Problem to solve » From the line with "closure S \<longleftrightarrow>" through the final line, transcribe the material below character for character; include no other lines.

Data shown »
definition subring :: "'a::comm_ring_1 set \<Rightarrow> bool" where
  "subring A0 \<longleftrightarrow> 1 \<in> A0 \<and> (\<forall>x\<in>A0. \<forall>y\<in>A0. x + y \<in> A0 \<and> x * y \<in> A0) \<and> (\<forall>x\<in>A0. - x \<in> A0)"

definition huber_ring :: "'a::{comm_ring_1,topological_space} itself \<Rightarrow> bool" where
  "huber_ring _ \<longleftrightarrow> topological_ring TYPE('a) \<and>
     (\<exists>(A0::'a set) T. subring A0 \<and> open A0 \<and> finite T \<and> T \<subseteq> A0 \<and>
        (\<forall>n. \<exists>U. open U \<and> 0 \<in> U \<and> U \<subseteq> ideal_pow A0 T n) \<and>
        (\<forall>U. open U \<and> 0 \<in> U \<longrightarrow> (\<exists>n. ideal_pow A0 T n \<subseteq> U)))"

definition absolute_value :: "('a::comm_ring_1 \<Rightarrow> real) \<Rightarrow> bool" where
  "absolute_value f \<longleftrightarrow> (\<forall>x. f x \<ge> 0) \<and> (\<forall>x. f x = 0 \<longleftrightarrow> x = 0) \<and> f 1 = 1 \<and>
     (\<forall>x y. f (x * y) = f x * f y) \<and> (\<forall>x y. f (x + y) \<le> f x + f y)"

definition topology_defined_by_abs :: "('a::{comm_ring_1,topological_space} \<Rightarrow> real) \<Rightarrow> bool" where
  "topology_defined_by_abs f \<longleftrightarrow> absolute_value f \<and>
     (\<forall>S::'a set. open S \<longleftrightarrow> (\<forall>x\<in>S. \<exists>e>0. \<forall>y. f (y - x) < e \<longrightarrow> y \<in> S))"

end

theory Submission
  imports Defs
begin

text \<open>A ring is topologically simple exactly when every element outside the closure of zero is a
  topological unit, i.e. generates a dense ideal.  If the completion is a field, an element x with
  nonzero image has an inverse y in the completion; density of the image gives elements a with
  x a arbitrarily close to 1.  Conversely, for a topology given by an absolute value, topological
  simplicity provides, for every nonzero a, elements y with a y arbitrarily close to 1.  Given a
  nonzero b in the completion, take pairs (a, y) with a close to b and a y close to 1; since a stays
  bounded away from 0, the elements y form a Cauchy filter, whose limit c satisfies b c = 1.\<close>

lemma absolute_valueD:
  assumes "absolute_value f"
  shows "f x \<ge> 0" "f x = 0 \<longleftrightarrow> x = 0" "f 1 = 1"
    "f (x * y) = f x * f y" "f (x + y) \<le> f x + f y"
  using assms unfolding absolute_value_def by auto

lemma absolute_value_minus:
  assumes "absolute_value f"
  shows "f (- x) = f x"
proof -
  note av = absolute_valueD[OF assms]
  have "f (-1) * f (-1) = 1" using av(3) av(4)[of "-1" "-1"] by simp
  hence "(f (-1) - 1) * (f (-1) + 1) = 0" by (simp add: algebra_simps)
  moreover have "f (-1) + 1 > 0" using av(1)[of "-1"] by simp
  ultimately have "f (-1) = 1" by simp
  thus ?thesis using av(4)[of "-1" x] by simp
qed

lemma absolute_value_diff_commute:
  assumes "absolute_value f"
  shows "f (x - y) = f (y - x)"
  using absolute_value_minus[OF assms, of "y - x"] by simp

lemma absolute_value_triangle_diff:
  assumes "absolute_value f"
  shows "f (x - z) \<le> f (x - y) + f (y - z)"
  using absolute_valueD(5)[OF assms, of "x - y" "y - z"] by simp

lemma absolute_value_approx_inverses_close:
  fixes f :: "'a::comm_ring_1 \<Rightarrow> real"
  assumes av: "absolute_value f" and "\<delta> > 0" and "\<delta> \<le> f a" and "\<delta> \<le> f a'" and "\<epsilon> \<le> 1"
    and y: "f (a * y - 1) < \<epsilon>" and y': "f (a' * y' - 1) < \<epsilon>"
  shows "f (y - y') < (2 * \<epsilon> + 2 * f (a - a') / \<delta>) / \<delta>"
proof -
  note av' = absolute_valueD[OF av]
  have "f (a' * y') \<le> f (a' * y' - 1) + f 1"
    using av'(5)[of "a' * y' - 1" 1] by simp
  hence "f a' * f y' \<le> 2" using y' \<open>\<epsilon> \<le> 1\<close> av'(3,4) by simp
  moreover have "\<delta> * f y' \<le> f a' * f y'"
    using \<open>\<delta> \<le> f a'\<close> av'(1) by (simp add: mult_right_mono)
  ultimately have bound_y': "f y' \<le> 2 / \<delta>"
    using \<open>\<delta> > 0\<close> by (simp add: field_simps)
  have "a * (y - y') = (a * y - 1) - (a' * y' - 1) + (a' - a) * y'"
    by (simp add: algebra_simps)
  hence "f a * f (y - y') \<le> f ((a * y - 1) - (a' * y' - 1)) + f (a' - a) * f y'"
    using av'(4,5) by metis
  also have "\<dots> \<le> f (a * y - 1) + f (a' * y' - 1) + f (a - a') * f y'"
    using av'(5)[of "a * y - 1" "- (a' * y' - 1)"] absolute_value_minus[OF av, of "a' * y' - 1"]
      absolute_value_diff_commute[OF av, of a' a]
    by simp
  also have "\<dots> < 2 * \<epsilon> + f (a - a') * (2 / \<delta>)"
    using y y' bound_y' av'(1)[of "a - a'"] by (smt (verit) mult_left_mono)
  finally have "\<delta> * f (y - y') < 2 * \<epsilon> + 2 * f (a - a') / \<delta>"
    using \<open>\<delta> \<le> f a\<close> av'(1)[of "y - y'"] mult_right_mono[of \<delta> "f a" "f (y - y')"]
    by (simp add: mult.commute)
  thus ?thesis using \<open>\<delta> > 0\<close> by (simp add: field_simps)
qed

lemma open_abs_ball:
  assumes "topology_defined_by_abs f"
  shows "open {y. f (y - x) < e}"
proof -
  have av: "absolute_value f" using assms by (simp add: topology_defined_by_abs_def)
  have "\<exists>d>0. \<forall>y. f (y - w) < d \<longrightarrow> f (y - x) < e" if "f (w - x) < e" for w
    using that absolute_value_triangle_diff[OF av, of _ x w]
    by (intro exI[of _ "e - f (w - x)"]) (smt (verit))
  thus ?thesis using assms by (simp add: topology_defined_by_abs_def)
qed

lemma mem_closure_abs_iff:
  assumes "topology_defined_by_abs f"
  shows "z \<in> closure S \<longleftrightarrow> (\<forall>e>0. \<exists>s\<in>S. f (s - z) < e)"
proof
  have av: "absolute_value f" using assms by (simp add: topology_defined_by_abs_def)
  assume "z \<in> closure S"
  moreover have "z \<in> {y. f (y - z) < e}" if "e > 0" for e
    using that absolute_valueD(2)[OF av, of 0] by simp
  ultimately show "\<forall>e>0. \<exists>s\<in>S. f (s - z) < e"
    using open_abs_ball[OF assms] open_Int_closure_eq_empty by blast
next
  assume near: "\<forall>e>0. \<exists>s\<in>S. f (s - z) < e"
  show "z \<in> closure S"
  proof (rule ccontr)
    assume "z \<notin> closure S"
    then obtain e where "e > 0" and "\<forall>y. f (y - z) < e \<longrightarrow> y \<notin> closure S"
      using assms unfolding topology_defined_by_abs_def
      by (metis ComplD ComplI open_Compl closed_closure)
    thus False using near closure_subset by blast
  qed
qed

Finished task »
  shows "z \<in> closure S \<longleftrightarrow> (\<forall>e>0. \<exists>s\<in>S. f (s - z) < e)"
proof
  have av: "absolute_value f" using assms by (simp add: topology_defined_by_abs_def)
  assume "z \<in> closure S"
  moreover have "z \<in> {y. f (y - z) < e}" if "e > 0" for e
    using that absolute_valueD(2)[OF av, of 0] by simp
  ultimately show "\<forall>e>0. \<exists>s\<in>S. f (s - z) < e"
    using open_abs_ball[OF assms] open_Int_closure_eq_empty by blast
next
  assume near: "\<forall>e>0. \<exists>s\<in>S. f (s - z) < e"
  show "z \<in> closure S"
  proof (rule ccontr)
    assume "z \<notin> closure S"
    then obtain e where "e > 0" and "\<forall>y. f (y - z) < e \<longrightarrow> y \<notin> closure S"
      using assms unfolding topology_defined_by_abs_def
      by (metis ComplD ComplI open_Compl closed_closure)
    thus False using near closure_subset by blast
  qed
qed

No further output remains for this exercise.